|
Winter 2004 Talk Descriptions
Automated Gesture Recognition
within a Linguistics-Based Framework
Abstract: Automated gesture recognition has the potential to create powerful interfaces between man and his artifacts. Computer vision offers potential means for acquiring and interpreting gesture information while being minimally obtrusive to the human participant. Toward this end, an approach is being developed to recognizing human hand gestures from a monocular temporal sequence of images. Of particular concern is the representation and recognition of hand movements that are used in single handed America Sign Language (ASL). The approach exploits previous linguistics analysis of manual languages that decompose dynamic gestures into their static and dynamic components. The first level of decomposition is in terms of three sets of primitives, hand shape, location and movement. Further levels of decomposition involve lexical and sentence level analysis. In the current work, we propose and demonstrate that given a monocular gesture sequence, kinematic features can be recovered from the apparent motion that provide distinctive signatures for 14 primitive movements of ASL. The approach has been implemented in software and evaluated on a database of over 700 gesture sequences. The results suggest that the approach is applicable to the analysis and interpretation of complex gesture sequences.

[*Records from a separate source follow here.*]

lemma integral_bounded_continuous_tendsto:
  fixes X :: "nat \<Rightarrow> 'w \<Rightarrow> 'a::t2_space" and f :: "'a \<Rightarrow> real"
  assumes M: "finite_measure M"
    and X: "\<And>j. X j \<in> M \<rightarrow>\<^sub>M borel" and X0: "X0 \<in> M \<rightarrow>\<^sub>M borel"
    and f: "continuous_on UNIV f" and f_le: "\<And>x. \<bar>f x\<bar> \<le> B"
    and lim: "\<And>\<omega>. \<omega> \<in> space M \<Longrightarrow> (\<lambda>j. X j \<omega>) \<longlonglongrightarrow> X0 \<omega>"
  shows "(\<lambda>j. \<integral>\<omega>. f (X j \<omega>) \<partial>M) \<longlonglongrightarrow> (\<integral>\<omega>. f (X0 \<omega>) \<partial>M)"
proof (rule integral_dominated_convergence[where w = "\<lambda>_. B"])
  interpret finite_measure M by (rule M)
  have [measurable]: "f \<in> borel_measurable borel" by (rule borel_measurable_continuous_onI[OF f])
  show "(\<lambda>\<omega>. f (X0 \<omega>)) \<in> borel_measurable M" "(\<lambda>\<omega>. f (X j \<omega>)) \<in> borel_measurable M" for j
    using X X0 by measurable
  show "integrable M (\<lambda>_. B)" by simp
  show "AE \<omega> in M. norm (f (X j \<omega>)) \<le> B" for j using f_le by simp
  show "AE \<omega> in M. (\<lambda>j. f (X j \<omega>)) \<longlonglongrightarrow> f (X0 \<omega>)"
    using f lim by (intro AE_I2 isCont_tendsto_compose[of _ f])
      (auto simp: continuous_on_eq_continuous_at)
qed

This research was funded by IRIS and was performed in collaboration with R. Wildes and J. Tsotsos.
The Deep Structure of Images;
Critical Points, Paths and Hierarchy
Abstract: In this presentation I will give an introduction to the deep structure of images. I will explain the ideas behind scale space and discuss important structures in the deep structure of images. The main focus will be on critical points and critical paths in this deep structure and how we can use these to describe images. Finally I will suggest some methods to capture the hierarchy implied by the deep structure in a graph or rooted tree structure. These graphs or trees must describe the image in such a way that we can use it for image matching, segmentation or recognition.
Content Based Image Retrieval
using Multi Scale Top Points
Abstract: A feasibility study for a new method for content based image retrieval is presented. First, an image representation using multiscale top points is introduced. This representation is validated using a minimal variance reconstruction algorithm. The image retrieval problem can now be translated into comparing distances between point sets. For this purpose, the proportional transportation distance (PTD) is used. A method is proposed using multiscale top points and their reconstruction coefficients in the PTD to define these distances between images. We present some experiments with promising results on a database with face images.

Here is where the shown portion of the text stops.